PROVIDED INFORMATION section start
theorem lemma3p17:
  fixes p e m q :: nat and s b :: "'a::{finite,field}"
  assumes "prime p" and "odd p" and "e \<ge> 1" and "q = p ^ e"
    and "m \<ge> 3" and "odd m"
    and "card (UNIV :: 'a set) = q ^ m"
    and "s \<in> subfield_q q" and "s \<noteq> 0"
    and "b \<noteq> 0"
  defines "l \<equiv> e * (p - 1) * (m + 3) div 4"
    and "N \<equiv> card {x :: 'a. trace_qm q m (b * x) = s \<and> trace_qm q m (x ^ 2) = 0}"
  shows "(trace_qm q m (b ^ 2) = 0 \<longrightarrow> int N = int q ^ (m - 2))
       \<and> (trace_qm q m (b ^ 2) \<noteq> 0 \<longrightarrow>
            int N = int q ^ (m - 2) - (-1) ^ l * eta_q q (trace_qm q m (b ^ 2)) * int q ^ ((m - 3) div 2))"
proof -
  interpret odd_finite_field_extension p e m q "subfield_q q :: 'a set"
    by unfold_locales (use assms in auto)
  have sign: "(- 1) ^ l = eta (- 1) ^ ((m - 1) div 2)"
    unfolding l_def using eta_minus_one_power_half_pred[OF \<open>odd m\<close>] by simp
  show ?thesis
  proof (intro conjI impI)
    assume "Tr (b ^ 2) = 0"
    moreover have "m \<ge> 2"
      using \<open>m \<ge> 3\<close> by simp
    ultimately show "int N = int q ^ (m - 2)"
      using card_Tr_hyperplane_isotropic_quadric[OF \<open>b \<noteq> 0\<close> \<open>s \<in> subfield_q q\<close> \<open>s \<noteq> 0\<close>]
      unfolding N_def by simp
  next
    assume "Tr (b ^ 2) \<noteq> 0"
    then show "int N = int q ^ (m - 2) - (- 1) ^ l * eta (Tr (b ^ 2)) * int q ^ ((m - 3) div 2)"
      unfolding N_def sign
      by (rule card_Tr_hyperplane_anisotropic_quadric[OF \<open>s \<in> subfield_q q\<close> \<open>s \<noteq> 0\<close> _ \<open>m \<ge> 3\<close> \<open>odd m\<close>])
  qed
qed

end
PROVIDED INFORMATION section end
PROVIDED INFORMATION section start
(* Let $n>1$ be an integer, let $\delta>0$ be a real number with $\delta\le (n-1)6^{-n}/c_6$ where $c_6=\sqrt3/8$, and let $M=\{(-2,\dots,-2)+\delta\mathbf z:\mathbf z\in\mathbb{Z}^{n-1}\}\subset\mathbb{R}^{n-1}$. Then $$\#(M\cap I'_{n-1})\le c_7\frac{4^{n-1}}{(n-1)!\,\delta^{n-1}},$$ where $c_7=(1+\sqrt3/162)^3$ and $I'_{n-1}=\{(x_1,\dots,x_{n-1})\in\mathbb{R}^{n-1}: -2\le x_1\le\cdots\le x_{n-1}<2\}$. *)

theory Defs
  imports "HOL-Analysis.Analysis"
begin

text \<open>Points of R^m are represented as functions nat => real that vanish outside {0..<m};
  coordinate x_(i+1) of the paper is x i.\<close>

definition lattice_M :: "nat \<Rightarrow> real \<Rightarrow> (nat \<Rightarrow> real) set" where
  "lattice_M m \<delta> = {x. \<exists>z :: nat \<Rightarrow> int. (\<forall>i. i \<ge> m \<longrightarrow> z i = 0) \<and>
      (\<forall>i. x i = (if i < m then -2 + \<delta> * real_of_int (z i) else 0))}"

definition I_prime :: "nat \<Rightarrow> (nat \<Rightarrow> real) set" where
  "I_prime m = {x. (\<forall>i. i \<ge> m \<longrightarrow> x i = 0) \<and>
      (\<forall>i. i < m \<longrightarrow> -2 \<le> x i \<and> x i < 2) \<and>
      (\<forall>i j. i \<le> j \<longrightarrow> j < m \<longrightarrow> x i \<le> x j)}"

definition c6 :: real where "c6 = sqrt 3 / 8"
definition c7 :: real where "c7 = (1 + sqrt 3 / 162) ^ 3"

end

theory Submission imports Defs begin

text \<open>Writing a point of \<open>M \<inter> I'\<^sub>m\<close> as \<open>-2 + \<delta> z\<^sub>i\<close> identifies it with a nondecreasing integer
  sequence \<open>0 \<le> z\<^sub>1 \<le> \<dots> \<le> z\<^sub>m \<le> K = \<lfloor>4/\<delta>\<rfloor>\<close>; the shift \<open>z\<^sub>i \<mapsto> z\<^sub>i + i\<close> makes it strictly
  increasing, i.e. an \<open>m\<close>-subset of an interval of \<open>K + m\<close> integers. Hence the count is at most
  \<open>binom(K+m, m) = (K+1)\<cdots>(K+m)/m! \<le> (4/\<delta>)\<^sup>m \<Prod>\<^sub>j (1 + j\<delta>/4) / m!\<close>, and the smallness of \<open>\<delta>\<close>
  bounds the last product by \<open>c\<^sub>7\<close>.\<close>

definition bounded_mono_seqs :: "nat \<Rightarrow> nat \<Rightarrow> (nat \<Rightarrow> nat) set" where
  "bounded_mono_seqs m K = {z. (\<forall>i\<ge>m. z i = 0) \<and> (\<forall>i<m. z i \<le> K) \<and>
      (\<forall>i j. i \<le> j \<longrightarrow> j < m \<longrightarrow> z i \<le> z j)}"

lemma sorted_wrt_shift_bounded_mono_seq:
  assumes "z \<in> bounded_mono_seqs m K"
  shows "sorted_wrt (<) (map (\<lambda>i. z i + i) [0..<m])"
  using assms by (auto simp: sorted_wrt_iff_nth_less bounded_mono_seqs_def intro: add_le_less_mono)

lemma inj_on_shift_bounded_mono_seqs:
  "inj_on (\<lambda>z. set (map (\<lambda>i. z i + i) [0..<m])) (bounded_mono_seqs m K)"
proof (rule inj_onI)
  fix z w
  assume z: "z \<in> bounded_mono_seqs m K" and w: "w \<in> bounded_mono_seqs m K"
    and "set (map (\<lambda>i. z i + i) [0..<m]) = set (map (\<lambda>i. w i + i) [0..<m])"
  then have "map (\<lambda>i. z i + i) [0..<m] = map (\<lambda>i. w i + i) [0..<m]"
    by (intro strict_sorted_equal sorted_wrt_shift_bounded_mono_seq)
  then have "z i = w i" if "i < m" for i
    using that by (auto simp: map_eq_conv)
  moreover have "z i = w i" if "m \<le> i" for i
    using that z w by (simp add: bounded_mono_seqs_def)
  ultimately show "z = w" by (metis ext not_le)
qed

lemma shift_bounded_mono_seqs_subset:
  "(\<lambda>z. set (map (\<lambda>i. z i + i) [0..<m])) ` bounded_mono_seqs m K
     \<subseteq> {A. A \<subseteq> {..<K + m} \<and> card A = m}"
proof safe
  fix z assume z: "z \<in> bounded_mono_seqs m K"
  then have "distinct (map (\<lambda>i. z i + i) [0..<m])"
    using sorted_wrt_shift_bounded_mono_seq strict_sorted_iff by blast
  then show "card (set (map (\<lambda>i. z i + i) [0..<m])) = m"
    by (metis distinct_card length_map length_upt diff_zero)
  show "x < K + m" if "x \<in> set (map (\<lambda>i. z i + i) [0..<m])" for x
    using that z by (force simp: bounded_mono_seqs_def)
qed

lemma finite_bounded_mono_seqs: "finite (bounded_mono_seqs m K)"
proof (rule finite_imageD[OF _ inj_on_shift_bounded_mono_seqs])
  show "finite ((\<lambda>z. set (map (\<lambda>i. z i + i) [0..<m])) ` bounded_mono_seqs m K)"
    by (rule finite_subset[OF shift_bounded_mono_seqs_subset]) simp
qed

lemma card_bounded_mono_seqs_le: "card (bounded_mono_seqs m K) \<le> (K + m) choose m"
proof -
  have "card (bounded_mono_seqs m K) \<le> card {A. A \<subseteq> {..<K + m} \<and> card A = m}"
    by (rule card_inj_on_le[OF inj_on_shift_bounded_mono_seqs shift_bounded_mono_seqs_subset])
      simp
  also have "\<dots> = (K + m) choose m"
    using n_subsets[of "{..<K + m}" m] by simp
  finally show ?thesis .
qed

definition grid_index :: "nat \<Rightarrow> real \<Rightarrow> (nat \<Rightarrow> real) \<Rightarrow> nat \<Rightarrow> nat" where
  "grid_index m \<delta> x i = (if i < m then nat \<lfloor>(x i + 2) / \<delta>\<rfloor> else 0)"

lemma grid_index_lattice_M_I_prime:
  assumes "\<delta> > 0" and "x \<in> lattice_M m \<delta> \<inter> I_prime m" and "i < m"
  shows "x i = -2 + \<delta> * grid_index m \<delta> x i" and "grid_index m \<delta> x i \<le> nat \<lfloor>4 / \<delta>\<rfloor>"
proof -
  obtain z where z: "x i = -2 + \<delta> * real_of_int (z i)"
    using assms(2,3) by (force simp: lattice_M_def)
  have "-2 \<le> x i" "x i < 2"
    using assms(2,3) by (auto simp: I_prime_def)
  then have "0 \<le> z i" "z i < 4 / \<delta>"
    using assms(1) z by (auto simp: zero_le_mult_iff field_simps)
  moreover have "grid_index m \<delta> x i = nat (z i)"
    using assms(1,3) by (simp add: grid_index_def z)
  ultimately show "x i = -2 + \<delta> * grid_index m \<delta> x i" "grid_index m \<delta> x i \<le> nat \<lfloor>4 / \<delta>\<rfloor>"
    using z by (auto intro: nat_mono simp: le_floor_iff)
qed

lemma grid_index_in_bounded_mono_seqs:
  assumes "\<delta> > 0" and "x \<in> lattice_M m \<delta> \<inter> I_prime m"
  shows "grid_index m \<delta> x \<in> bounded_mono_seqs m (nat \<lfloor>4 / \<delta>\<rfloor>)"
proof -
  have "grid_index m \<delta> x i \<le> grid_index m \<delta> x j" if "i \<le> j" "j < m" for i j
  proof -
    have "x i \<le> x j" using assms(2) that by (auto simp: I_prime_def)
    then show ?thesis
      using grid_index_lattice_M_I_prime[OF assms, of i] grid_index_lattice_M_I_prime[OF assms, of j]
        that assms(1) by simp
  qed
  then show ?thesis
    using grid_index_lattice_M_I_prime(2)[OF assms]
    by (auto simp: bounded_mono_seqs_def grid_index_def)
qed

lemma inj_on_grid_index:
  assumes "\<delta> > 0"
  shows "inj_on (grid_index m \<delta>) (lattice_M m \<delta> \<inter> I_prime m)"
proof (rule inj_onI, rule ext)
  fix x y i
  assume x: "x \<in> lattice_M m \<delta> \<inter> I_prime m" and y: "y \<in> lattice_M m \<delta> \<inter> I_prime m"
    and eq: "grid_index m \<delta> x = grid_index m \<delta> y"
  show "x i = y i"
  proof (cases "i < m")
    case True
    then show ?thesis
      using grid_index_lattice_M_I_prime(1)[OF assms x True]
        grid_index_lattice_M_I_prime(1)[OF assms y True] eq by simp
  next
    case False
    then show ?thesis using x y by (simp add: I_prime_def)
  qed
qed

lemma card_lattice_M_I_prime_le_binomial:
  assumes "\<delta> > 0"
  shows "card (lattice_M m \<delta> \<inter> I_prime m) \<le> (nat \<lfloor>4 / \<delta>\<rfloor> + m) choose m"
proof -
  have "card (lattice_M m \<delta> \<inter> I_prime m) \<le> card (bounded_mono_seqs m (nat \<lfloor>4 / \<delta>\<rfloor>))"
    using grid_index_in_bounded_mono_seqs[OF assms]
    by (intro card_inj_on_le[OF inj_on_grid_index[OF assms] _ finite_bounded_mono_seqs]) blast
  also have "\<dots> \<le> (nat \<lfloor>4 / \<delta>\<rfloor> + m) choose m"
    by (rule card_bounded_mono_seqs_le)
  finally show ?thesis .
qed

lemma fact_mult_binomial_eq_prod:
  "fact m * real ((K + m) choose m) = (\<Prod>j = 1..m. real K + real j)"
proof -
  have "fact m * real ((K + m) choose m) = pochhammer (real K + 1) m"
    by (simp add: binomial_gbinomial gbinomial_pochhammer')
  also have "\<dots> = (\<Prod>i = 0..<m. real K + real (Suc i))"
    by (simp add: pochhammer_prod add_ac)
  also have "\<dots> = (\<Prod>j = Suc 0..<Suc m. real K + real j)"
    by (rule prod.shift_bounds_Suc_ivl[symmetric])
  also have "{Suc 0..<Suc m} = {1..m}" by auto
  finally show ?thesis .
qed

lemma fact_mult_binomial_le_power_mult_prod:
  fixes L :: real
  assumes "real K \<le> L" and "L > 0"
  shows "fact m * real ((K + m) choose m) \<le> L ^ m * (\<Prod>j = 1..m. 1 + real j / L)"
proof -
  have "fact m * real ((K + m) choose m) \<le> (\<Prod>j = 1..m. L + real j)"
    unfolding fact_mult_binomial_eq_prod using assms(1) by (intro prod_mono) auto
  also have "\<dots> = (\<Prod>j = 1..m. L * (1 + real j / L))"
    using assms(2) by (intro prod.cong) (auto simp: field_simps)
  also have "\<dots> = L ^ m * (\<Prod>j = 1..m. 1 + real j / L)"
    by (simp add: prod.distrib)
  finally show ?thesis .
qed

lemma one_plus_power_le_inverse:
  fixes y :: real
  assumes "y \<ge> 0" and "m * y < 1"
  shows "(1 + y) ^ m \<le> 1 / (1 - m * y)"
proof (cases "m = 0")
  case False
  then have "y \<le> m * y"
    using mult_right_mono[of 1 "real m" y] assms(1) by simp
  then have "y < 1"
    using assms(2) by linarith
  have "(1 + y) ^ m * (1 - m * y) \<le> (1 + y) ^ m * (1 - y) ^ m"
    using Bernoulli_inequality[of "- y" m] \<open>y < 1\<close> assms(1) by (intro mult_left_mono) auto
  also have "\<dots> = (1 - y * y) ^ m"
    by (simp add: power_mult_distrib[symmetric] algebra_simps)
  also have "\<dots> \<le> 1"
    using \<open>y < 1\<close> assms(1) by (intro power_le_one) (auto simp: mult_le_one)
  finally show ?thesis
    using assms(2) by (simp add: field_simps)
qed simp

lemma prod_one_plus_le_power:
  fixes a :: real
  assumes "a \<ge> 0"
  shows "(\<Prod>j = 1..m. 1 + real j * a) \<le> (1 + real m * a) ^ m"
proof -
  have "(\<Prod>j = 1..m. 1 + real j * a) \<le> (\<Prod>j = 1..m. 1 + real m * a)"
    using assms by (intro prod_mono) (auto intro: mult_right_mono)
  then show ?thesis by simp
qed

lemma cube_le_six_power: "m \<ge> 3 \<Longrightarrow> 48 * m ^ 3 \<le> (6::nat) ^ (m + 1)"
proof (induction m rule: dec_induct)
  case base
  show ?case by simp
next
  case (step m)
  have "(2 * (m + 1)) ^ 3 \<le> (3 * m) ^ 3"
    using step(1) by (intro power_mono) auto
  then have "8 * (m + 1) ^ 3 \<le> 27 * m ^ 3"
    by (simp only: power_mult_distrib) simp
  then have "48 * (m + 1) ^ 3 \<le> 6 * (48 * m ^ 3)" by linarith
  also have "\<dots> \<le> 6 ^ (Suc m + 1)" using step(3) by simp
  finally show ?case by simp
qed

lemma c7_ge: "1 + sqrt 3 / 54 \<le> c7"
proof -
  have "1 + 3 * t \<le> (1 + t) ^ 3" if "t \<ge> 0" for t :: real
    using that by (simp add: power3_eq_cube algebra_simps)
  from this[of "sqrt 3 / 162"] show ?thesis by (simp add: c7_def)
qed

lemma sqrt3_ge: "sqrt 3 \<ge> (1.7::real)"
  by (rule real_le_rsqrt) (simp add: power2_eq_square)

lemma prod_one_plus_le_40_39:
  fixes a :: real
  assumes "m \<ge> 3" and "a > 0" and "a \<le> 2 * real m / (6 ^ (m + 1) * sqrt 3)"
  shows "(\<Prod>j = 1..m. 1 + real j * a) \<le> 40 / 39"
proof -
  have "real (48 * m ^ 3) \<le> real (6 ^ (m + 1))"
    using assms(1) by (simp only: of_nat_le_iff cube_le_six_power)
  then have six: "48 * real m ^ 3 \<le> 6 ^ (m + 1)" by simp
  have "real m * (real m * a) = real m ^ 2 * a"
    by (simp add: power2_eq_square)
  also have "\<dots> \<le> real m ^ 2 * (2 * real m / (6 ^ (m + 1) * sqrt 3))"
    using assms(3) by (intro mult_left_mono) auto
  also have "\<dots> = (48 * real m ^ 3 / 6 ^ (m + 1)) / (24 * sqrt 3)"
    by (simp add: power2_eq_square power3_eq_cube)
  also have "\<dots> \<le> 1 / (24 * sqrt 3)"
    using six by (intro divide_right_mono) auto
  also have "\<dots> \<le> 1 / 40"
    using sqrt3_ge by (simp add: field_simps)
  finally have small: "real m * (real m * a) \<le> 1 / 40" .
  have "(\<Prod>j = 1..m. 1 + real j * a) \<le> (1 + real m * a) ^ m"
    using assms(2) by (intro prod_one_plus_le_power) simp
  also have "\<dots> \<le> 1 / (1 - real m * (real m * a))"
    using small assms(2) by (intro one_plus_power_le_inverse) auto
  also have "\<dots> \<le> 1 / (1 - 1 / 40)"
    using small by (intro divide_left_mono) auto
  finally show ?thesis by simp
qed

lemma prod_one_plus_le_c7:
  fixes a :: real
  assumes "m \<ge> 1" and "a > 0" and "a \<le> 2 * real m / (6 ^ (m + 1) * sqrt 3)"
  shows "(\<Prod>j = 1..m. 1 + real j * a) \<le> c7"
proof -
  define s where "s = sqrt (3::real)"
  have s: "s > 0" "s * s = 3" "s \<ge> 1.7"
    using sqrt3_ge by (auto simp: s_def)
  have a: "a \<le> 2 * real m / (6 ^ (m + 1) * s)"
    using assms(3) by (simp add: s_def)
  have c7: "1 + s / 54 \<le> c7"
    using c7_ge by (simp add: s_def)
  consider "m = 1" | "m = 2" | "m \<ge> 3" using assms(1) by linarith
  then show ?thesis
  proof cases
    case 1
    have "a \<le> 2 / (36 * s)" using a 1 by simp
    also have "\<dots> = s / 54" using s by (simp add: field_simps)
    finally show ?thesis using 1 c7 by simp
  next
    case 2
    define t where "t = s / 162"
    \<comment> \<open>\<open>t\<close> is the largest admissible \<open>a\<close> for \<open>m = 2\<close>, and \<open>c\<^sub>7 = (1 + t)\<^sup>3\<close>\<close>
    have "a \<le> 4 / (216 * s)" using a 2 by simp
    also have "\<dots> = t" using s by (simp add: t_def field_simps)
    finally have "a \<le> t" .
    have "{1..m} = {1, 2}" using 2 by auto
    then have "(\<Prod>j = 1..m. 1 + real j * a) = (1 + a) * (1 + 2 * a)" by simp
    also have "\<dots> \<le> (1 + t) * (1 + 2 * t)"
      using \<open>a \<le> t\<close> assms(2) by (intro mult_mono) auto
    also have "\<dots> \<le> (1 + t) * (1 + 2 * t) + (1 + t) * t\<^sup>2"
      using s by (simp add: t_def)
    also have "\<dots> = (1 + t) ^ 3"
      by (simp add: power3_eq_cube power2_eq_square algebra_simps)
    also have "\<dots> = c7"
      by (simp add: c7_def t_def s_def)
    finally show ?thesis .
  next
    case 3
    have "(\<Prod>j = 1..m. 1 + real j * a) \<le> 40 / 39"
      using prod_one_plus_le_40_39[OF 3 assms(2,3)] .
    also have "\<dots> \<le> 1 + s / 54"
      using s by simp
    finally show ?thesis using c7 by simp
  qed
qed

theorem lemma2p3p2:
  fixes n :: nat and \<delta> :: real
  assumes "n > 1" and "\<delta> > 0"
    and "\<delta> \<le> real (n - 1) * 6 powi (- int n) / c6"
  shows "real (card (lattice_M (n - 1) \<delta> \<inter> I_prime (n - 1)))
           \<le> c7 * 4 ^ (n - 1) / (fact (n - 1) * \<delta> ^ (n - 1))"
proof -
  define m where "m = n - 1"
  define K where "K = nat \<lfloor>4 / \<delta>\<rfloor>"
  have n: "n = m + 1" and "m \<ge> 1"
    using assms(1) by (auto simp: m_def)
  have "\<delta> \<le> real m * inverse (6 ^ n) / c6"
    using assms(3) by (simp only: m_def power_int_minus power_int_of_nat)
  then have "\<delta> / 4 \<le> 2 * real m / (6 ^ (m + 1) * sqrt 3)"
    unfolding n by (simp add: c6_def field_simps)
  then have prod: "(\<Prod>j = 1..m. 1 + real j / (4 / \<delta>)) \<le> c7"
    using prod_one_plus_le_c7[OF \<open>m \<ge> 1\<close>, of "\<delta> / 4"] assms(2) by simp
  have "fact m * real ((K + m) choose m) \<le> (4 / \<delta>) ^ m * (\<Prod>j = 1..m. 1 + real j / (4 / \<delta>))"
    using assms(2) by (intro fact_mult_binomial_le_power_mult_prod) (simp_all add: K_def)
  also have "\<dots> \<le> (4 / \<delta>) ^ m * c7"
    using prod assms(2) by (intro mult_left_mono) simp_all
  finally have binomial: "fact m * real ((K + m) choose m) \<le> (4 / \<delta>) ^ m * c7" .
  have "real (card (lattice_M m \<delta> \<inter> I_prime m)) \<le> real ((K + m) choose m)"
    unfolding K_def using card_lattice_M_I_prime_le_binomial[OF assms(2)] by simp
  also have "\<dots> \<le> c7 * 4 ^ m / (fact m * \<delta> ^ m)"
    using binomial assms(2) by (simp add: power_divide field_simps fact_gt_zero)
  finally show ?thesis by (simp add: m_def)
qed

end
PROVIDED INFORMATION section end
— YOUR TASK —
Where does the string "subseteq" occur in the data above? Copy every line that holds it.

— WRITTEN RESPONSE —
     \<subseteq> {A. A \<subseteq> {..<K + m} \<and> card A = m}"
  have "card (bounded_mono_seqs m K) \<le> card {A. A \<subseteq> {..<K + m} \<and> card A = m}"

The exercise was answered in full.